▶ Prompt
Across the entries below, tally every line that holds the string "where" and reply with the number only.

Saved entries
####

lemma Delta_pow_inv_mult_lprod:
  assumes "set xs \<subseteq> Div G M \<Delta>"
  shows "\<exists>ys. length ys = length xs \<and> set ys \<subseteq> (\<lambda>x. inv x) ` Div G M \<Delta> \<and>
           lprod G ys = inv (\<Delta>\<^bsup>length xs\<^esup>) \<otimes> lprod G xs"
  using assms
proof (induct xs)
  case Nil
  then show ?case by simp
next
  case (Cons x xs)
  let ?n = "length xs"
  obtain ys where ys: "length ys = ?n" "set ys \<subseteq> (\<lambda>x. inv x) ` Div G M \<Delta>"
    "lprod G ys = inv (\<Delta>\<^bsup>?n\<^esup>) \<otimes> lprod G xs"
    using Cons by auto
  have x: "x \<in> Div G M \<Delta>" and xc: "x \<in> carrier G" and xsc: "lprod G xs \<in> carrier G"
    using Cons.prems Div_carrier by auto
  define t where "t = inv (\<Delta>\<^bsup>?n\<^esup>) \<otimes> (inv x \<otimes> \<Delta>) \<otimes> \<Delta>\<^bsup>?n\<^esup>"
  have t: "t \<in> Div G M \<Delta>"
    unfolding t_def by (rule Div_conj_pow[OF Delta_balanced Div_complement_left[OF Delta_balanced x]])
  have "inv t \<otimes> (inv (\<Delta>\<^bsup>?n\<^esup>) \<otimes> lprod G xs) = inv (\<Delta>\<^bsup>Suc ?n\<^esup>) \<otimes> (x \<otimes> lprod G xs)"
    unfolding Delta_pow_Suc_left using xc xsc by (simp add: t_def m_assoc inv_mult_group)
  then show ?case
    using ys t by (intro exI[of _ "inv t # ys"]) auto
qed

lemma wlen_le:
  assumes z: "z \<in> carrier G" and P: "z \<preceq> \<Delta>\<^bsup>P\<^esup>" and Q: "inv z \<preceq> \<Delta>\<^bsup>Q\<^esup>"
  shows "wlen G S z \<le> P + Q"
proof -
  define y where "y = \<Delta>\<^bsup>Q\<^esup> \<otimes> z"
  have yc: "y \<in> carrier G"
    using z by (simp add: y_def)
  have "inv (\<Delta>\<^bsup>Q\<^esup>) \<otimes> y \<otimes> \<Delta>\<^bsup>Q\<^esup> = z \<otimes> \<Delta>\<^bsup>Q\<^esup>"
    using z by (simp add: y_def m_assoc)
  moreover have "z \<otimes> \<Delta>\<^bsup>Q\<^esup> \<in> M"
    using Q z by (simp add: le_L_iff)
  ultimately have yM: "y \<in> M"
    using Delta_pow_conj_M_iff[OF yc, of Q] by simp
  have "inv y \<otimes> \<Delta>\<^bsup>Q + P\<^esup> = inv z \<otimes> \<Delta>\<^bsup>P\<^esup>"
    using z by (simp add: y_def inv_mult_group m_assoc nat_pow_mult[symmetric])
  then have "y \<preceq> \<Delta>\<^bsup>Q + P\<^esup>"
    using P by (simp add: le_L_iff)
  then obtain xs where xs: "length xs = Q + P" "set xs \<subseteq> Div G M \<Delta>" "lprod G xs = y"
    using M_le_Delta_pow_lprod[OF yM] by blast
  have take: "set (take Q xs) \<subseteq> Div G M \<Delta>" and drop: "set (drop Q xs) \<subseteq> Div G M \<Delta>"
    using xs(2) set_take_subset set_drop_subset by (metis subset_trans)+
  then have take_drop: "y = lprod G (take Q xs) \<otimes> lprod G (drop Q xs)"
    using lprod_append[of "take Q xs" "drop Q xs"] xs(3) Div_carrier by auto
  obtain ys where ys: "length ys = Q" "set ys \<subseteq> (\<lambda>x. inv x) ` Div G M \<Delta>"
    "lprod G ys = inv (\<Delta>\<^bsup>Q\<^esup>) \<otimes> lprod G (take Q xs)"
    using Delta_pow_inv_mult_lprod[OF take] xs(1) by auto
  have "lprod G (ys @ drop Q xs) = lprod G ys \<otimes> lprod G (drop Q xs)"
    using ys(2) drop Div_carrier by (intro lprod_append) auto
  also have "\<dots> = inv (\<Delta>\<^bsup>Q\<^esup>) \<otimes> y"
  proof -
    have "lprod G (take Q xs) \<in> carrier G" "lprod G (drop Q xs) \<in> carrier G"
      using take drop Div_carrier by (meson lprod_closed subset_iff)+
    then show ?thesis
      using ys(3) take_drop by (simp add: m_assoc)
  qed
  also have "\<dots> = z"
    using z by (simp add: y_def)
  finally have "lprod G (ys @ drop Q xs) = z" .
  moreover have "set (ys @ drop Q xs) \<subseteq> simple_letters"
    using ys(2) drop by auto
  ultimately show ?thesis
    using wlen_le_length[of "ys @ drop Q xs"] ys(1) xs(1) by simp
qed

lemma wlen_Delta_bounds:
  assumes "z \<in> carrier G"
  shows "\<exists>P Q. P + Q = wlen G S z \<and> z \<preceq> \<Delta>\<^bsup>P\<^esup> \<and> inv z \<preceq> \<Delta>\<^bsup>Q\<^esup>"
proof -
  obtain xs where "length xs = wlen G S z" "set xs \<subseteq> simple_letters" "lprod G xs = z"
    using wlen_attained[OF assms] by blast
  then show ?thesis
    using word_Delta_bounds[of xs] by auto
qed

lemma wlen_inv:
  assumes z: "z \<in> carrier G"
  shows "wlen G S (inv z) = wlen G S z"
proof -
  have le: "wlen G S (inv x) \<le> wlen G S x" if x: "x \<in> carrier G" for x
  proof -
    obtain P Q where "P + Q = wlen G S x" "x \<preceq> \<Delta>\<^bsup>P\<^esup>" "inv x \<preceq> \<Delta>\<^bsup>Q\<^esup>"
      using wlen_Delta_bounds[OF x] by blast
    then show ?thesis
      using wlen_le[of "inv x" Q P] x by simp
  qed
  show ?thesis
    using le[OF z] le[OF inv_closed[OF z]] z by simp
qed

definition Delta_sup :: "'a \<Rightarrow> nat"
  where "Delta_sup x = (LEAST P. x \<preceq> \<Delta>\<^bsup>P\<^esup>)"

lemma le_Delta_pow_Delta_sup: "x \<in> M \<Longrightarrow> x \<preceq> \<Delta>\<^bsup>Delta_sup x\<^esup>"
  unfolding Delta_sup_def using M_le_Delta_pow by (rule LeastI_ex)

lemma Delta_sup_le: "x \<preceq> \<Delta>\<^bsup>P\<^esup> \<Longrightarrow> Delta_sup x \<le> P"
  unfolding Delta_sup_def by (rule Least_le)

lemma wlen_le_Delta_sup: "x \<in> M \<Longrightarrow> wlen G S x \<le> Delta_sup x"
  using wlen_le[of x "Delta_sup x" 0] le_Delta_pow_Delta_sup by (auto simp: le_L_iff)

lemma Delta_sup_le_Suc:
  assumes x: "x \<in> M" and y: "y \<in> M" and s: "s \<in> Div G M \<Delta>" and le: "x \<preceq> s \<otimes> y"
  shows "Delta_sup x \<le> Suc (Delta_sup y)"
proof -
  have "s \<otimes> y \<preceq> \<Delta>\<^bsup>Suc (Delta_sup y)\<^esup>"
    using Div_Delta_mult_le[OF s _ le_Delta_pow_Delta_sup[OF y]] y by blast
  then have "x \<preceq> \<Delta>\<^bsup>Suc (Delta_sup y)\<^esup>"
    using le_L_trans[OF _ _ _ le] x y s Div_carrier by blast
  then show ?thesis
    by (rule Delta_sup_le)
qed

lemma coprime_fraction_le_Delta_pow:
  assumes a: "a \<in> M" and b: "b \<in> M" and cop: "left_coprime a b" and le: "inv a \<otimes> b \<preceq> \<Delta>\<^bsup>P\<^esup>"
  shows "b \<preceq> \<Delta>\<^bsup>P\<^esup>"
proof -
  have "b \<preceq> a \<otimes> \<Delta>\<^bsup>P\<^esup>"
    using le M_carrier[OF a] M_carrier[OF b] by (simp add: le_L_iff inv_mult_group m_assoc)
  then show ?thesis
    by (rule coprime_le_mult_Delta_pow[OF a b cop])
qed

####

▶ Response to this task
8